*** Opening of Exercise material ***

lemma xvec_mult_diff:
  "xvec N (\<lambda>i. (m i - c) * (f i - g i)) k
     = xvec N (\<lambda>i. (m i - c') * f i) k + (c' - c) * xvec N f k - xvec N (\<lambda>i. (m i - c) * g i) k"
proof -
  have "Cmul N (\<lambda>i. (m i - c) * (f i - g i)) k
      = Cmul N (\<lambda>i. ((m i - c') * f i + (c' - c) * f i) - (m i - c) * g i) k"
    by (intro Cmul_cong) (simp add: algebra_simps)
  then show ?thesis
    by (simp add: xvec_eq_Cmul Cmul_diff Cmul_add Cmul_scale diff_divide_distrib add_divide_distrib)
qed

lemma abs_le_from_scaled_identity:
  fixes k b y A B z C R :: real
  assumes k: "1 \<le> k" and b: "0 < b" and eq: "2 * k * b * y = A - B * z - 2 * k * C - R"
  shows "2 * b * \<bar>y\<bar> \<le> \<bar>A\<bar> + \<bar>B\<bar> * \<bar>z\<bar> + 2 * \<bar>C\<bar> + \<bar>R\<bar>"
proof -
  have "k * (2 * b * \<bar>y\<bar>) = \<bar>A - B * z - 2 * k * C - R\<bar>"
    using k b eq[symmetric] by (simp add: abs_mult)
  also have "\<dots> \<le> \<bar>A\<bar> + \<bar>B\<bar> * \<bar>z\<bar> + k * (2 * \<bar>C\<bar>) + \<bar>R\<bar>"
  proof -
    have "\<bar>A - P - Q - R\<bar> \<le> \<bar>A\<bar> + \<bar>P\<bar> + \<bar>Q\<bar> + \<bar>R\<bar>" for P Q by arith
    moreover have "\<bar>2 * k * C\<bar> = k * (2 * \<bar>C\<bar>)" using k by (simp add: abs_mult)
    ultimately show ?thesis by (metis abs_mult)
  qed
  also have "\<dots> \<le> k * (\<bar>A\<bar> + \<bar>B\<bar> * \<bar>z\<bar> + 2 * \<bar>C\<bar> + \<bar>R\<bar>)"
    using mult_right_mono[OF k, of "\<bar>A\<bar> + \<bar>B\<bar> * \<bar>z\<bar> + \<bar>R\<bar>"] by (simp add: algebra_simps)
  finally show ?thesis using k by simp
qed

text \<open>In both applications below (the Lipschitz bound and the convergence of difference
  quotients) y is a perturbation of x with y_0 = 0, u = C y the corresponding perturbation of p,
  and z is x at a parameter \<mu> with 2\<mu> > (2^(N+1) + 1) |M|, where x is small.\<close>

lemma perturbation_estimate:
  fixes N :: nat and m y u z C R :: "nat \<Rightarrow> real" and b c :: real
  defines "M \<equiv> Mnorm1 N m"
  assumes b: "0 < b" and c: "\<bar>c\<bar> \<le> M"
    and u: "(\<Sum>i\<le>N. \<bar>u i\<bar>) \<le> 2 ^ N * (\<Sum>k\<in>{1..N}. \<bar>y k\<bar>)"
    and z: "2 ^ N * M * (\<Sum>k\<in>{1..N}. \<bar>z k\<bar>) \<le> M"
    and eq: "\<And>k. k \<in> {1..N} \<Longrightarrow> 2 * real k * b * y k = xvec N (\<lambda>i. (m i - c) * u i) k
        - (\<Sum>i\<le>N. m i * u i) * z k - 2 * real k * C k - R k"
  shows "(2 * b - (2 ^ (N + 1) + 1) * M) * (\<Sum>k\<in>{1..N}. \<bar>y k\<bar>)
     \<le> 2 * (\<Sum>k\<in>{1..N}. \<bar>C k\<bar>) + (\<Sum>k\<in>{1..N}. \<bar>R k\<bar>)"
proof -
  define Y where "Y = (\<Sum>k\<in>{1..N}. \<bar>y k\<bar>)"
  define X where "X k = xvec N (\<lambda>i. (m i - c) * u i) k" for k
  define B where "B = (\<Sum>i\<le>N. m i * u i)"
  have "2 * b * \<bar>y k\<bar> \<le> \<bar>X k\<bar> + \<bar>B\<bar> * \<bar>z k\<bar> + 2 * \<bar>C k\<bar> + \<bar>R k\<bar>" if "k \<in> {1..N}" for k
    using that by (intro abs_le_from_scaled_identity[of "real k", OF _ b]) (auto simp: eq X_def B_def)
  then have "2 * b * Y \<le> (\<Sum>k\<in>{1..N}. \<bar>X k\<bar> + \<bar>B\<bar> * \<bar>z k\<bar> + 2 * \<bar>C k\<bar> + \<bar>R k\<bar>)"
    unfolding Y_def sum_distrib_left by (intro sum_mono)
  also have "\<dots> = (\<Sum>k\<in>{1..N}. \<bar>X k\<bar>) + \<bar>B\<bar> * (\<Sum>k\<in>{1..N}. \<bar>z k\<bar>)
      + 2 * (\<Sum>k\<in>{1..N}. \<bar>C k\<bar>) + (\<Sum>k\<in>{1..N}. \<bar>R k\<bar>)"
    by (simp add: sum.distrib sum_distrib_left)
  finally have main: "2 * b * Y \<le> (\<Sum>k\<in>{1..N}. \<bar>X k\<bar>) + \<bar>B\<bar> * (\<Sum>k\<in>{1..N}. \<bar>z k\<bar>)
      + 2 * (\<Sum>k\<in>{1..N}. \<bar>C k\<bar>) + (\<Sum>k\<in>{1..N}. \<bar>R k\<bar>)" .
  have "(\<Sum>k\<in>{1..N}. \<bar>X k\<bar>) \<le> (\<Sum>k\<le>N. \<bar>X k\<bar>)" by (intro sum_mono2) auto
  also have "\<dots> \<le> (M + \<bar>c\<bar>) * (\<Sum>i\<le>N. \<bar>u i\<bar>)"
    unfolding X_def M_def by (rule sum_abs_xvec_mult_le)
  also have "\<dots> \<le> (2 * M) * (2 ^ N * Y)"
    using c u unfolding Y_def by (intro mult_mono) (auto intro: sum_nonneg)
  finally have X: "(\<Sum>k\<in>{1..N}. \<bar>X k\<bar>) \<le> 2 * M * (2 ^ N * Y)" .
  have "\<bar>B\<bar> * (\<Sum>k\<in>{1..N}. \<bar>z k\<bar>) \<le> (M * (2 ^ N * Y)) * (\<Sum>k\<in>{1..N}. \<bar>z k\<bar>)"
    unfolding B_def M_def
    using abs_sum_mult_le_Mnorm1[where N = N and m = m and u = u] u Mnorm1_nonneg[where N = N and m = m]
    unfolding Y_def by (intro mult_right_mono) (auto intro: sum_nonneg order.trans mult_left_mono)
  also have "\<dots> = Y * (2 ^ N * M * (\<Sum>k\<in>{1..N}. \<bar>z k\<bar>))" by (simp add: mult_ac)
  also have "\<dots> \<le> Y * M" using z unfolding Y_def by (intro mult_left_mono) (auto intro: sum_nonneg)
  finally have "\<bar>B\<bar> * (\<Sum>k\<in>{1..N}. \<bar>z k\<bar>) \<le> Y * M" .
  then show ?thesis using main X unfolding Y_def by (simp add: algebra_simps)
qed

section \<open>The family of normalized Perron eigenvectors\<close>

locale perron_family =
  fixes N :: nat and m :: "nat \<Rightarrow> real" and p :: "real \<Rightarrow> nat \<Rightarrow> real"
  assumes p_pos: "\<And>\<mu> k. 0 < \<mu> \<Longrightarrow> k \<le> N \<Longrightarrow> 0 < p \<mu> k"
    and p_sum: "\<And>\<mu>. 0 < \<mu> \<Longrightarrow> (\<Sum>k\<le>N. p \<mu> k) = 1"
    and p_eigen: "\<And>\<mu> i. 0 < \<mu> \<Longrightarrow> i \<le> N \<Longrightarrow>
      m i * p \<mu> i + \<mu> * (\<Sum>j\<le>N. Qmat N i j * p \<mu> j) = (\<Sum>j\<le>N. m j * p \<mu> j) * p \<mu> i"
begin

abbreviation x :: "real \<Rightarrow> nat \<Rightarrow> real" where
  "x \<mu> \<equiv> xvec N (p \<mu>)"

abbreviation mbar :: "real \<Rightarrow> real" where
  "mbar \<mu> \<equiv> \<Sum>j\<le>N. m j * p \<mu> j"

abbreviation K :: real where
  "K \<equiv> (2 ^ (N + 1) + 1) * Mnorm1 N m"

lemma sum_abs_p: "0 < \<mu> \<Longrightarrow> (\<Sum>i\<le>N. \<bar>p \<mu> i\<bar>) = 1"
  using p_sum p_pos by (simp add: abs_of_pos)

lemma abs_mbar_le: "0 < \<mu> \<Longrightarrow> \<bar>mbar \<mu>\<bar> \<le> Mnorm1 N m"
  using abs_sum_mult_le_Mnorm1[where N = N and m = m and u = "p \<mu>"] by (simp add: sum_abs_p)

lemma x_0: "0 < \<mu> \<Longrightarrow> x \<mu> 0 = 1 / 2 ^ N"
  by (simp add: xvec_def Cmat_0_left p_sum)

lemma p_eq_Cmul_x:
  assumes "0 < \<mu>" and i: "i \<le> N"
  shows "p \<mu> i = Cmul N (x \<mu>) i"
proof -
  have "Cmul N (x \<mu>) i = Cmul N (\<lambda>k. Cmul N (p \<mu>) k / 2 ^ N) i"
    by (rule Cmul_cong) (simp add: xvec_eq_Cmul)
  also have "\<dots> = p \<mu> i" by (simp add: Cmul_divide Cmul_Cmul[OF i])
  finally show ?thesis by simp
qed

lemma x_equation:
  assumes \<mu>: "0 < \<mu>" and k: "k \<le> N"
  shows "2 * real k * \<mu> * x \<mu> k = xvec N (\<lambda>i. (m i - mbar \<mu>) * p \<mu> i) k"
proof -
  have "Cmul N (\<lambda>i. m i * p \<mu> i + \<mu> * (\<Sum>j\<le>N. Qmat N i j * p \<mu> j)) k
      = Cmul N (\<lambda>i. mbar \<mu> * p \<mu> i) k"
    using p_eigen[OF \<mu>] by (intro Cmul_cong) simp
  then have "Cmul N (\<lambda>i. m i * p \<mu> i) k - 2 * real k * \<mu> * Cmul N (p \<mu>) k
      = mbar \<mu> * Cmul N (p \<mu>) k"
    by (simp add: Cmul_add Cmul_scale Cmul_Qmat[OF k]) (simp add: mult_ac)
  moreover have "Cmul N (\<lambda>i. (m i - mbar \<mu>) * p \<mu> i) k
      = Cmul N (\<lambda>i. m i * p \<mu> i) k - mbar \<mu> * Cmul N (p \<mu>) k"
    by (simp add: left_diff_distrib Cmul_diff Cmul_scale)
  ultimately show ?thesis by (simp add: xvec_eq_Cmul field_simps)
qed

lemma sum_abs_x_le:
  assumes \<mu>: "0 < \<mu>"
  shows "(\<Sum>k\<in>{1..N}. \<bar>x \<mu> k\<bar>) \<le> Mnorm1 N m / \<mu>"
proof -
  define X where "X k = xvec N (\<lambda>i. (m i - mbar \<mu>) * p \<mu> i) k" for k
  have "2 * \<mu> * \<bar>x \<mu> k\<bar> \<le> \<bar>X k\<bar>" if "k \<in> {1..N}" for k
    using abs_le_from_scaled_identity[of "real k" \<mu> "x \<mu> k" "X k" 0 0 0 0]
      x_equation[OF \<mu>, of k] that \<mu> by (simp add: X_def)
  then have "2 * \<mu> * (\<Sum>k\<in>{1..N}. \<bar>x \<mu> k\<bar>) \<le> (\<Sum>k\<in>{1..N}. \<bar>X k\<bar>)"
    unfolding sum_distrib_left by (intro sum_mono)
  also have "\<dots> \<le> (\<Sum>k\<le>N. \<bar>X k\<bar>)" by (intro sum_mono2) auto
  also have "\<dots> \<le> (Mnorm1 N m + \<bar>mbar \<mu>\<bar>) * (\<Sum>i\<le>N. \<bar>p \<mu> i\<bar>)"
    unfolding X_def by (rule sum_abs_xvec_mult_le)
  also have "\<dots> \<le> 2 * Mnorm1 N m"
    using abs_mbar_le[OF \<mu>] by (simp add: sum_abs_p[OF \<mu>])
  finally show ?thesis using \<mu> by (simp add: field_simps)
qed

*** Close of Exercise material ***

• **Task**
Within the listing above, locate the line containing "using k b eq[symmetric]" and the line containing "quotients) y is". Reproduce those two lines and all lines between them exactly, with nothing added.

• **Solution to the exercise**
    using k b eq[symmetric] by (simp add: abs_mult)
  also have "\<dots> \<le> \<bar>A\<bar> + \<bar>B\<bar> * \<bar>z\<bar> + k * (2 * \<bar>C\<bar>) + \<bar>R\<bar>"
  proof -
    have "\<bar>A - P - Q - R\<bar> \<le> \<bar>A\<bar> + \<bar>P\<bar> + \<bar>Q\<bar> + \<bar>R\<bar>" for P Q by arith
    moreover have "\<bar>2 * k * C\<bar> = k * (2 * \<bar>C\<bar>)" using k by (simp add: abs_mult)
    ultimately show ?thesis by (metis abs_mult)
  qed
  also have "\<dots> \<le> k * (\<bar>A\<bar> + \<bar>B\<bar> * \<bar>z\<bar> + 2 * \<bar>C\<bar> + \<bar>R\<bar>)"
    using mult_right_mono[OF k, of "\<bar>A\<bar> + \<bar>B\<bar> * \<bar>z\<bar> + \<bar>R\<bar>"] by (simp add: algebra_simps)
  finally show ?thesis using k by simp
qed

text \<open>In both applications below (the Lipschitz bound and the convergence of difference
  quotients) y is a perturbation of x with y_0 = 0, u = C y the corresponding perturbation of p,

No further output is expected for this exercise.